What you should do :: For the listing below, output exactly the lines from the line with "i \<bullet> v)" up to and including the line with "(auto dest: partition_onD3)", and no other lines.

Entries provided ::
= Beginning of Section =

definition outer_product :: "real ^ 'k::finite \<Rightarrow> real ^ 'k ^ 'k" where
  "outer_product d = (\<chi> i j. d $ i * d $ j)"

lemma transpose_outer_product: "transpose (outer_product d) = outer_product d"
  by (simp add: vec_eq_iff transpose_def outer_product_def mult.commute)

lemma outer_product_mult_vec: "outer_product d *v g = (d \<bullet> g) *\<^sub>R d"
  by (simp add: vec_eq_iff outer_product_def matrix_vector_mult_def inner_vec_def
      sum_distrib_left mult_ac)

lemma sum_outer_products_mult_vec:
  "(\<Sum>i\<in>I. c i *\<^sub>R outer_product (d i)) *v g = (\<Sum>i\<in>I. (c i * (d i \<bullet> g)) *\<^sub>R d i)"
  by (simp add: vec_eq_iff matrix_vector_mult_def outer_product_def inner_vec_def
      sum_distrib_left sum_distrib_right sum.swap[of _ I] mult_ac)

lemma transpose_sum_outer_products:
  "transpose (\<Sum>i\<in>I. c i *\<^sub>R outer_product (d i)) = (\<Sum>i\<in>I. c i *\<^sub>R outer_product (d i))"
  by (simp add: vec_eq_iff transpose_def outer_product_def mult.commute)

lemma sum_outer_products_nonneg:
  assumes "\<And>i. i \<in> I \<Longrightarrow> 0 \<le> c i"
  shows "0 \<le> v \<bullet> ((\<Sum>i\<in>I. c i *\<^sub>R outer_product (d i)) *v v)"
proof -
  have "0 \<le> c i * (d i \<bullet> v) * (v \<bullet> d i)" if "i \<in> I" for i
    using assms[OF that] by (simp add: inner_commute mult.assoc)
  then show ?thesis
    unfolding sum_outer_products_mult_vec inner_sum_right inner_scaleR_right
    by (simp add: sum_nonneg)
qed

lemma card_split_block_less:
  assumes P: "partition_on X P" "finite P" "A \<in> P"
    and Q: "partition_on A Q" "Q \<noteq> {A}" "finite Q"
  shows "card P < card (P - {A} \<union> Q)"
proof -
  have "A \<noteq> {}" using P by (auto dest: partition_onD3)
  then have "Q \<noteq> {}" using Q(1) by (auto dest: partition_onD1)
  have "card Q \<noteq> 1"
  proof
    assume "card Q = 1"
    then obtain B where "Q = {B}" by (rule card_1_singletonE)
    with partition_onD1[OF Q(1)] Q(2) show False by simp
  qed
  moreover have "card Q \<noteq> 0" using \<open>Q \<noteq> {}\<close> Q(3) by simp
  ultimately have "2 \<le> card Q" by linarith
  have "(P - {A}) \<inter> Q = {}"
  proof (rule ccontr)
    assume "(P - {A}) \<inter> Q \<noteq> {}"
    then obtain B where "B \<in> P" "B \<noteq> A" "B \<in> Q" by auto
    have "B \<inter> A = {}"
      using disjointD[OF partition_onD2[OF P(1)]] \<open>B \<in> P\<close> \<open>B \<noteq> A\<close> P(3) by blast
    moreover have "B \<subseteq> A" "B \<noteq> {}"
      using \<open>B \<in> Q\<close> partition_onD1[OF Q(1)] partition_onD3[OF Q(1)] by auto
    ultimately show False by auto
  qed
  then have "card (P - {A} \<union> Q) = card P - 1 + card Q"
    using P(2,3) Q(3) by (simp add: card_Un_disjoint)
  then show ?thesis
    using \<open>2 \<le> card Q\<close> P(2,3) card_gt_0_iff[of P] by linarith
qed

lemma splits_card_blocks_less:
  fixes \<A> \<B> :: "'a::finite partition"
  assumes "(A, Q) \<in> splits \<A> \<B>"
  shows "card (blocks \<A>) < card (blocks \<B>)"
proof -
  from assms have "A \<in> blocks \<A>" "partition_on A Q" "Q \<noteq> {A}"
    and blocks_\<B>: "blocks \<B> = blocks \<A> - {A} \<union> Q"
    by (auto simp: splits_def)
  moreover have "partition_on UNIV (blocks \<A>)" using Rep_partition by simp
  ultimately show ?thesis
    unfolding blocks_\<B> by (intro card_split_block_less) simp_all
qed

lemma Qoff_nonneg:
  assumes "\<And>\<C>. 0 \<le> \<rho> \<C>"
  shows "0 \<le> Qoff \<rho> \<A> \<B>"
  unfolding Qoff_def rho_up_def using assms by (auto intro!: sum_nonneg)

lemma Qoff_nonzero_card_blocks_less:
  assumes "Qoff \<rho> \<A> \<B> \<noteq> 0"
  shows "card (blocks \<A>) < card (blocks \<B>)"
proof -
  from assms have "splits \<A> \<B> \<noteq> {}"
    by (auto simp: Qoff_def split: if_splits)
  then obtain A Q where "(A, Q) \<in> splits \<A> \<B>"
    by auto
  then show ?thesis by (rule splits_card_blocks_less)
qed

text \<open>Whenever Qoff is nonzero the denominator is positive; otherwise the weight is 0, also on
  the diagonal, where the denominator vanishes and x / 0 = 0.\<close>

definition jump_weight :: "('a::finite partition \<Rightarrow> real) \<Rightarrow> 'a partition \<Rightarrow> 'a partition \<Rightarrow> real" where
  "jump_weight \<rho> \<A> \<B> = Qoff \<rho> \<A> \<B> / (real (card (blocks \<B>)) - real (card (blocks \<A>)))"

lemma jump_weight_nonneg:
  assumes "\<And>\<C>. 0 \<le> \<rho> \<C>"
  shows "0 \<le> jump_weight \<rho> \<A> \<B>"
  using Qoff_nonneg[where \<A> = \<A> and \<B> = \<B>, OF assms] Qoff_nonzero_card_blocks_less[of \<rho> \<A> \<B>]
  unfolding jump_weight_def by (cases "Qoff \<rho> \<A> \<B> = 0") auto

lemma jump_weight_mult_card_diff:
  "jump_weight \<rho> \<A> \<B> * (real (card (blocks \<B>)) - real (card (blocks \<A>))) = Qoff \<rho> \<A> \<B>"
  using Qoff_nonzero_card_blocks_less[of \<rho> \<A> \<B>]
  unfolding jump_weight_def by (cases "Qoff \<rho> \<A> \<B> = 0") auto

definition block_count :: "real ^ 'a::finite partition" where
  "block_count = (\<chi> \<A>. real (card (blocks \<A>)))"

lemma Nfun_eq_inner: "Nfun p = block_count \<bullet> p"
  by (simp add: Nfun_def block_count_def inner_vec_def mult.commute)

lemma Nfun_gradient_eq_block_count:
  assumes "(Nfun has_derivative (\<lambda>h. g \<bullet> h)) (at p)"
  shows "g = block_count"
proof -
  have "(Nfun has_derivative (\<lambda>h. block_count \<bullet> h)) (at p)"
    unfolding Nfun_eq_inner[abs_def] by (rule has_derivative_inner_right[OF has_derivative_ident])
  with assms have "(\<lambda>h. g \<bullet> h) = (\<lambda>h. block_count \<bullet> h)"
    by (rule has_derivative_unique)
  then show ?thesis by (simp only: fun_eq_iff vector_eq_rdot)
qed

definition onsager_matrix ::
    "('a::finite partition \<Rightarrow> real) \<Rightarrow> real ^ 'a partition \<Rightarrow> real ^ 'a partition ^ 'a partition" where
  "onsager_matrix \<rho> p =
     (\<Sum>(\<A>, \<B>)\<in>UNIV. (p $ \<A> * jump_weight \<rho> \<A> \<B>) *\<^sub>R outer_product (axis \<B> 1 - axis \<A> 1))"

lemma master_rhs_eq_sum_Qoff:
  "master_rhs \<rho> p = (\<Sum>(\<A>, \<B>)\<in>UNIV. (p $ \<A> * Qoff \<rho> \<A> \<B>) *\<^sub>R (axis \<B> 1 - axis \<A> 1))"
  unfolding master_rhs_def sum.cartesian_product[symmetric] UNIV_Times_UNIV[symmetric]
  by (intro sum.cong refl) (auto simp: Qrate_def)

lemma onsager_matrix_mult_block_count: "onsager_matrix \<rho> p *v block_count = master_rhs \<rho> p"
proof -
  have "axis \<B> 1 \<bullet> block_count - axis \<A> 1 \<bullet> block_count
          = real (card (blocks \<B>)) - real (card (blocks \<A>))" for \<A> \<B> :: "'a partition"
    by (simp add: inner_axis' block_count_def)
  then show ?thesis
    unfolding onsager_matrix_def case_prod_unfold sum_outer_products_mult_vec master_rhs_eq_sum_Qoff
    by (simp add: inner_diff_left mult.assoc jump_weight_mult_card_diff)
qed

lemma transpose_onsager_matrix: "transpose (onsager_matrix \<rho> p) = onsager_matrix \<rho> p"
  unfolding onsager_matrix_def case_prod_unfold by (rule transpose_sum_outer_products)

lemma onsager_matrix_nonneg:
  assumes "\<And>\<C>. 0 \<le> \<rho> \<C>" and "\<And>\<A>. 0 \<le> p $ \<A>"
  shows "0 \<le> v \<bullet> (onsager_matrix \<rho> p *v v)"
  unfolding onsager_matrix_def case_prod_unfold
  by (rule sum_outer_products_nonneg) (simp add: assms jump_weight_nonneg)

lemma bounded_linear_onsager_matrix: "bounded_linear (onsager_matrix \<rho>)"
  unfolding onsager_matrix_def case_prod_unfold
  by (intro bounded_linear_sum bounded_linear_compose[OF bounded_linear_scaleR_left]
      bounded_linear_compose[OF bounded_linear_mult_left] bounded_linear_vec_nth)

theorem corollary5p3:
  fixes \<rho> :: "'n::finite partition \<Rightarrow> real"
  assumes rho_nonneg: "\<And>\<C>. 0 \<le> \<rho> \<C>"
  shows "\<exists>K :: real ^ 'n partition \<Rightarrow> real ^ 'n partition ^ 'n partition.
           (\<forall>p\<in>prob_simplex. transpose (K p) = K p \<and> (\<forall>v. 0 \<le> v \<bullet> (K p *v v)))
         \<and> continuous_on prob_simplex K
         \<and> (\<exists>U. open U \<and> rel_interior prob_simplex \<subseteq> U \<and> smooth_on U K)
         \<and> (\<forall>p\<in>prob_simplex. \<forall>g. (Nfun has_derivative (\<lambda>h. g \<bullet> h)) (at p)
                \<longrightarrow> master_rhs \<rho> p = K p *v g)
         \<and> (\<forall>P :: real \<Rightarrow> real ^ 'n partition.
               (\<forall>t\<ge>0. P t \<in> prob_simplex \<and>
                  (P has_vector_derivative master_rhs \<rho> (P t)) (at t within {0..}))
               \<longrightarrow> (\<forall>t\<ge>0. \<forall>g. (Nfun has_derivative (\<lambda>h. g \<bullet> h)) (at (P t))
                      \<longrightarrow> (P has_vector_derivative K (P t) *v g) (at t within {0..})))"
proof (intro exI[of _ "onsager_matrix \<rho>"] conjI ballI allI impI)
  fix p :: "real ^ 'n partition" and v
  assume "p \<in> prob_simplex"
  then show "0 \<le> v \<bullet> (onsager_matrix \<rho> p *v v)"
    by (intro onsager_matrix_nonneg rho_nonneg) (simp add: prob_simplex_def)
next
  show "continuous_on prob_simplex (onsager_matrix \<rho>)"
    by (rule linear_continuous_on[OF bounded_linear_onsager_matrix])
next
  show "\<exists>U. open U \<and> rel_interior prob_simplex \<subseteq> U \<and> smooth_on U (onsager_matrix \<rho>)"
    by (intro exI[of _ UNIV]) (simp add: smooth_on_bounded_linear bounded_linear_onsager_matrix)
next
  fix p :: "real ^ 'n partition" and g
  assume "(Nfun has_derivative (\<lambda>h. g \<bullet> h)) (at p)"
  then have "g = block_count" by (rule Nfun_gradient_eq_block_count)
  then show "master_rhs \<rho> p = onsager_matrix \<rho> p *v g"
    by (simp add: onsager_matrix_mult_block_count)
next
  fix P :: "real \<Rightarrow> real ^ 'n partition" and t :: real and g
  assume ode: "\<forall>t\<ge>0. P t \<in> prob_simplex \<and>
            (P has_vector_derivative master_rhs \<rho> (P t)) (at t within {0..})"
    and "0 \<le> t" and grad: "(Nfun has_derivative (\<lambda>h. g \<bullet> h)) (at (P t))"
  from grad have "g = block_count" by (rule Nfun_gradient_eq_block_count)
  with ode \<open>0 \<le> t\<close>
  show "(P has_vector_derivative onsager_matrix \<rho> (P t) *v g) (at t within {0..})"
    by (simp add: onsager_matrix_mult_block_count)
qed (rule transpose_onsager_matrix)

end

= End of Section =

Written answer ::
  have "0 \<le> c i * (d i \<bullet> v) * (v \<bullet> d i)" if "i \<in> I" for i
    using assms[OF that] by (simp add: inner_commute mult.assoc)
  then show ?thesis
    unfolding sum_outer_products_mult_vec inner_sum_right inner_scaleR_right
    by (simp add: sum_nonneg)
qed

lemma card_split_block_less:
  assumes P: "partition_on X P" "finite P" "A \<in> P"
    and Q: "partition_on A Q" "Q \<noteq> {A}" "finite Q"
  shows "card P < card (P - {A} \<union> Q)"
proof -
  have "A \<noteq> {}" using P by (auto dest: partition_onD3)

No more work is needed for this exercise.